-------- Data for the task --------

lemma tail_int2_has_real_derivatives:
  assumes "continuous_on {0..L} p" "x \<in> {0<..<L}"
  shows "(tail_int L (tail_int L p) has_real_derivative - tail_int L p x) (at x)"
    and "((\<lambda>t. - tail_int L p t) has_real_derivative p x) (at x)"
  using tail_int_has_real_derivative[OF continuous_on_tail_int[OF assms(1)] assms(2)]
    DERIV_minus[OF tail_int_has_real_derivative[OF assms]] by simp_all

subsection \<open>The homogeneous linear problem\<close>

lemma zero_on_Icc_if_zero_on_open:
  fixes f :: "real \<Rightarrow> real"
  assumes "L > 0" "continuous_on {0..L} f" "\<And>x. x \<in> {0<..<L} \<Longrightarrow> f x = 0" "x \<in> {0..L}"
  shows "f x = 0"
  using continuous_constant_on_closure[of "{0<..<L}" f 0 x] assms by simp

lemma derivative_zero_if_zero_on_open:
  fixes f :: "real \<Rightarrow> real"
  assumes "(f has_real_derivative f') (at x)" "\<And>y. y \<in> {0<..<L} \<Longrightarrow> f y = 0" "x \<in> {0<..<L}"
  shows "f' = 0"
proof -
  have "(f has_real_derivative 0) (at x)"
    by (rule has_field_derivative_transform_within_open[OF DERIV_const open_greaterThanLessThan assms(3)])
       (use assms(2) in auto)
  with assms(1) show ?thesis by (rule DERIV_unique)
qed

text \<open>Along a solution of \<open>\<lambda>w + w''' + w' = 0\<close> the energy \<open>2 w'' w - w'\<^sup>2 + w\<^sup>2\<close> has
  derivative \<open>-2\<lambda>w\<^sup>2\<close>, and the boundary conditions make its total change \<open>w'(0)\<^sup>2 \<ge> 0\<close>.\<close>

lemma third_order_homogeneous_unique:
  fixes w w1 w2 :: "real \<Rightarrow> real"
  assumes "lam > 0" "L > 0"
    and cont: "continuous_on {0..L} w" "continuous_on {0..L} w1" "continuous_on {0..L} w2"
    and dw: "\<And>x. x \<in> {0<..<L} \<Longrightarrow> (w has_real_derivative w1 x) (at x)"
    and dw1: "\<And>x. x \<in> {0<..<L} \<Longrightarrow> (w1 has_real_derivative w2 x) (at x)"
    and dw2: "\<And>x. x \<in> {0<..<L} \<Longrightarrow> (w2 has_real_derivative - lam * w x - w1 x) (at x)"
    and bc: "w 0 = 0" "w L = 0" "w1 L = 0"
    and x: "x \<in> {0..L}"
  shows "w x = 0" "w1 x = 0" "w2 x = 0"
proof -
  define H where "H t = 2 * (w2 t * w t) - w1 t * w1 t + w t * w t" for t
  have energy: "((\<lambda>x. - 2 * lam * (w x * w x)) has_integral (H L - H 0)) {0..L}"
  proof (rule fundamental_theorem_of_calculus_interior)
    show "continuous_on {0..L} H" unfolding H_def[abs_def] by (intro continuous_intros cont)
    fix x assume x: "x \<in> {0<..<L}"
    have "(H has_real_derivative - 2 * lam * (w x * w x)) (at x)"
      using DERIV_add[OF DERIV_diff[OF DERIV_cmult[OF DERIV_mult[OF dw2[OF x] dw[OF x]]]
          DERIV_mult[OF dw1[OF x] dw1[OF x]]] DERIV_mult[OF dw[OF x] dw[OF x]], of 2]
      unfolding H_def[abs_def] by (simp add: algebra_simps)
    then show "(H has_vector_derivative - 2 * lam * (w x * w x)) (at x)"
      by (simp add: has_real_derivative_iff_has_vector_derivative)
  qed (use assms(2) in simp)
  have "H L - H 0 = w1 0 * w1 0" unfolding H_def using bc by simp
  with has_integral_neg[OF energy]
  have I: "((\<lambda>x. 2 * lam * (w x * w x)) has_integral - (w1 0 * w1 0)) {0..L}" by simp
  have "0 \<le> - (w1 0 * w1 0)"
    by (rule has_integral_nonneg[OF I]) (use assms(1) in simp)
  then have "w1 0 * w1 0 = 0" by (simp add: le_less)
  with I have I0: "((\<lambda>x. 2 * lam * (w x * w x)) has_integral 0) (cbox 0 L)"
    by (simp add: cbox_interval)
  have w: "w y = 0" if "y \<in> {0..L}" for y
  proof -
    have "2 * lam * (w y * w y) = 0"
      by (rule has_integral_0_cbox_imp_0[OF _ _ I0])
         (use that assms(1,2) in \<open>auto intro!: continuous_intros cont simp: cbox_interval\<close>)
    then show ?thesis using assms(1) by simp
  qed
  have w1: "w1 y = 0" if "y \<in> {0<..<L}" for y
    using derivative_zero_if_zero_on_open[OF dw[OF that] _ that] w by auto
  have w2: "w2 y = 0" if "y \<in> {0<..<L}" for y
    using derivative_zero_if_zero_on_open[OF dw1[OF that] _ that] w1 by auto
  show "w x = 0" using w x .
  show "w1 x = 0" using zero_on_Icc_if_zero_on_open[OF assms(2) cont(2) w1 x] .
  show "w2 x = 0" using zero_on_Icc_if_zero_on_open[OF assms(2) cont(3) w2 x] .
qed

lemma continuous_root_if_near_linear:
  fixes f :: "real \<Rightarrow> real"
  assumes "continuous_on UNIV f" "w \<noteq> 0" "\<And>c. \<bar>f c - c * w\<bar> \<le> K"
  shows "\<exists>c. f c = 0"
proof -
  define c1 where "c1 = (K + 1) / w"
  define c2 where "c2 = - (K + 1) / w"
  have "0 \<le> f c1" using assms(3)[of c1] assms(2) unfolding c1_def by (simp add: abs_le_iff)
  moreover have "f c2 \<le> 0" using assms(3)[of c2] assms(2) unfolding c2_def by (simp add: abs_le_iff)
  moreover have "continuous_on {x..y} f" for x y using assms(1) by (rule continuous_on_subset) simp
  ultimately show ?thesis
    using IVT'[of f c2 0 c1] IVT2'[of f c2 0 c1] by (cases "c2 \<le> c1") auto
qed

subsection \<open>Classical solutions are \<open>H\<^sup>3\<close> solutions\<close>

lemma set_integrable_if_continuous:
  fixes f :: "real \<Rightarrow> real"
  assumes "continuous_on {0..L} f"
  shows "set_integrable lborel {0<..<L} f"
  by (rule set_integrable_subset[OF borel_integrable_atLeastAtMost'[OF assms]]) auto

lemma L2_on_if_continuous:
  assumes "continuous_on {0..L} f"
  shows "L2_on L f"
proof -
  have "set_borel_measurable lborel {0<..<L} f"
    using set_integrable_if_continuous[OF assms]
    unfolding set_integrable_def set_borel_measurable_def by (rule borel_measurable_integrable)
  moreover have "set_integrable lborel {0<..<L} (\<lambda>x. (f x)\<^sup>2)"
    by (intro set_integrable_if_continuous continuous_intros assms)
  ultimately show ?thesis unfolding L2_on_def by blast
qed

lemma set_lebesgue_integral_eq_integral_Icc:
  fixes h :: "real \<Rightarrow> real"
  assumes "continuous_on {0..L} h"
  shows "(LINT x:{0<..<L}|lborel. h x) = integral {0..L} h"
  using set_borel_integral_eq_integral(2)[OF set_integrable_if_continuous[OF assms]]
  by (simp add: integral_open_interval_real)

lemma weak_deriv_if_has_real_derivative:
  assumes "L > 0" "continuous_on {0..L} f" "continuous_on {0..L} g"
    and deriv: "\<And>x. x \<in> {0<..<L} \<Longrightarrow> (f has_real_derivative g x) (at x)"
  shows "weak_deriv L f g"
  unfolding weak_deriv_def
proof (intro allI impI)
  fix phi assume "test_fun L phi"
  then obtain D e where D0: "D 0 = phi" and dD: "\<And>k x. (D k has_real_derivative D (Suc k) x) (at x)"
    and "e > 0" and vanish: "\<And>x. x < e \<or> x > L - e \<Longrightarrow> phi x = 0"
    unfolding test_fun_def by blast
  have dphi: "(phi has_real_derivative D 1 x) (at x)" for x using dD[of 0 x] D0 by simp
  have "continuous_on S phi" "continuous_on S (D 1)" for S
    using dphi dD[of 1] by (auto intro!: continuous_at_imp_continuous_on DERIV_isCont)
  note cont = this assms(2,3)
  have "((\<lambda>x. g x * phi x + D 1 x * f x) has_integral (f L * phi L - f 0 * phi 0)) {0..L}"
    by (rule fundamental_theorem_of_calculus_interior)
       (use assms(1) DERIV_mult[OF deriv dphi] in
         \<open>auto intro!: continuous_intros cont simp: has_real_derivative_iff_has_vector_derivative\<close>)
  moreover have "phi L = 0" "phi 0 = 0" using vanish \<open>e > 0\<close> by auto
  ultimately have parts: "((\<lambda>x. g x * phi x + f x * D 1 x) has_integral 0) {0..L}"
    by (simp add: mult.commute)
  have "(\<lambda>x. g x * phi x) integrable_on {0..L}" "(\<lambda>x. f x * D 1 x) integrable_on {0..L}"
    by (intro integrable_continuous_real continuous_intros cont)+
  from integral_add[OF this] integral_unique[OF parts]
  have "integral {0..L} (\<lambda>x. g x * phi x) + integral {0..L} (\<lambda>x. f x * D 1 x) = 0" by simp
  moreover have "deriv phi = D 1" using DERIV_imp_deriv[OF dphi] by blast
  then have "(LINT x:{0<..<L}|lborel. f x * deriv phi x) = integral {0..L} (\<lambda>x. f x * D 1 x)"
    by (simp only:) (intro set_lebesgue_integral_eq_integral_Icc continuous_intros cont)
  moreover have "(LINT x:{0<..<L}|lborel. g x * phi x) = integral {0..L} (\<lambda>x. g x * phi x)"
    by (intro set_lebesgue_integral_eq_integral_Icc continuous_intros cont)
  ultimately show "(LINT x:{0<..<L}|lborel. f x * deriv phi x) = - (LINT x:{0<..<L}|lborel. g x * phi x)"
    by simp
qed

lemma H3_if_has_real_derivatives:
  assumes "L > 0"
    and cont: "continuous_on {0..L} v" "continuous_on {0..L} v1" "continuous_on {0..L} v2"
      "continuous_on {0..L} v3"
    and "\<And>x. x \<in> {0<..<L} \<Longrightarrow> (v has_real_derivative v1 x) (at x)"
      "\<And>x. x \<in> {0<..<L} \<Longrightarrow> (v1 has_real_derivative v2 x) (at x)"
      "\<And>x. x \<in> {0<..<L} \<Longrightarrow> (v2 has_real_derivative v3 x) (at x)"
  shows "H3 L v v1 v2 v3"
  unfolding H3_def using assms
  by (auto intro!: L2_on_if_continuous weak_deriv_if_has_real_derivative)

subsection \<open>Shooting\<close>

locale shooting =
  fixes L lam u0 a :: real and u :: "real \<Rightarrow> real"
  assumes L: "L > 0" and lam: "lam > 0" and a: "a \<ge> 0" and u0: "u0 \<ge> 0"
    and u: "continuous_on {0..L} u"
begin

definition M :: real where "M = lam + a + 2"

definition shoot :: "real \<Rightarrow> real" where
  "shoot c = tail_int L (tail_int L (shooting_fixpoint L lam u0 a u c)) 0"

definition linear_fixpoint :: "real \<Rightarrow> real" where
  "linear_fixpoint = shooting_fixpoint L lam u0 0 (\<lambda>_. 0) 1"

--------

§ What you should do
Write out each line exactly, beginning at the one with "by (simp only:)" and ending at the final line of the records above, with nothing added.

§ Task output
    by (simp only:) (intro set_lebesgue_integral_eq_integral_Icc continuous_intros cont)
  moreover have "(LINT x:{0<..<L}|lborel. g x * phi x) = integral {0..L} (\<lambda>x. g x * phi x)"
    by (intro set_lebesgue_integral_eq_integral_Icc continuous_intros cont)
  ultimately show "(LINT x:{0<..<L}|lborel. f x * deriv phi x) = - (LINT x:{0<..<L}|lborel. g x * phi x)"
    by simp
qed

lemma H3_if_has_real_derivatives:
  assumes "L > 0"
    and cont: "continuous_on {0..L} v" "continuous_on {0..L} v1" "continuous_on {0..L} v2"
      "continuous_on {0..L} v3"
    and "\<And>x. x \<in> {0<..<L} \<Longrightarrow> (v has_real_derivative v1 x) (at x)"
      "\<And>x. x \<in> {0<..<L} \<Longrightarrow> (v1 has_real_derivative v2 x) (at x)"
      "\<And>x. x \<in> {0<..<L} \<Longrightarrow> (v2 has_real_derivative v3 x) (at x)"
  shows "H3 L v v1 v2 v3"
  unfolding H3_def using assms
  by (auto intro!: L2_on_if_continuous weak_deriv_if_has_real_derivative)

subsection \<open>Shooting\<close>

locale shooting =
  fixes L lam u0 a :: real and u :: "real \<Rightarrow> real"
  assumes L: "L > 0" and lam: "lam > 0" and a: "a \<ge> 0" and u0: "u0 \<ge> 0"
    and u: "continuous_on {0..L} u"
begin

definition M :: real where "M = lam + a + 2"

definition shoot :: "real \<Rightarrow> real" where
  "shoot c = tail_int L (tail_int L (shooting_fixpoint L lam u0 a u c)) 0"

definition linear_fixpoint :: "real \<Rightarrow> real" where
  "linear_fixpoint = shooting_fixpoint L lam u0 0 (\<lambda>_. 0) 1"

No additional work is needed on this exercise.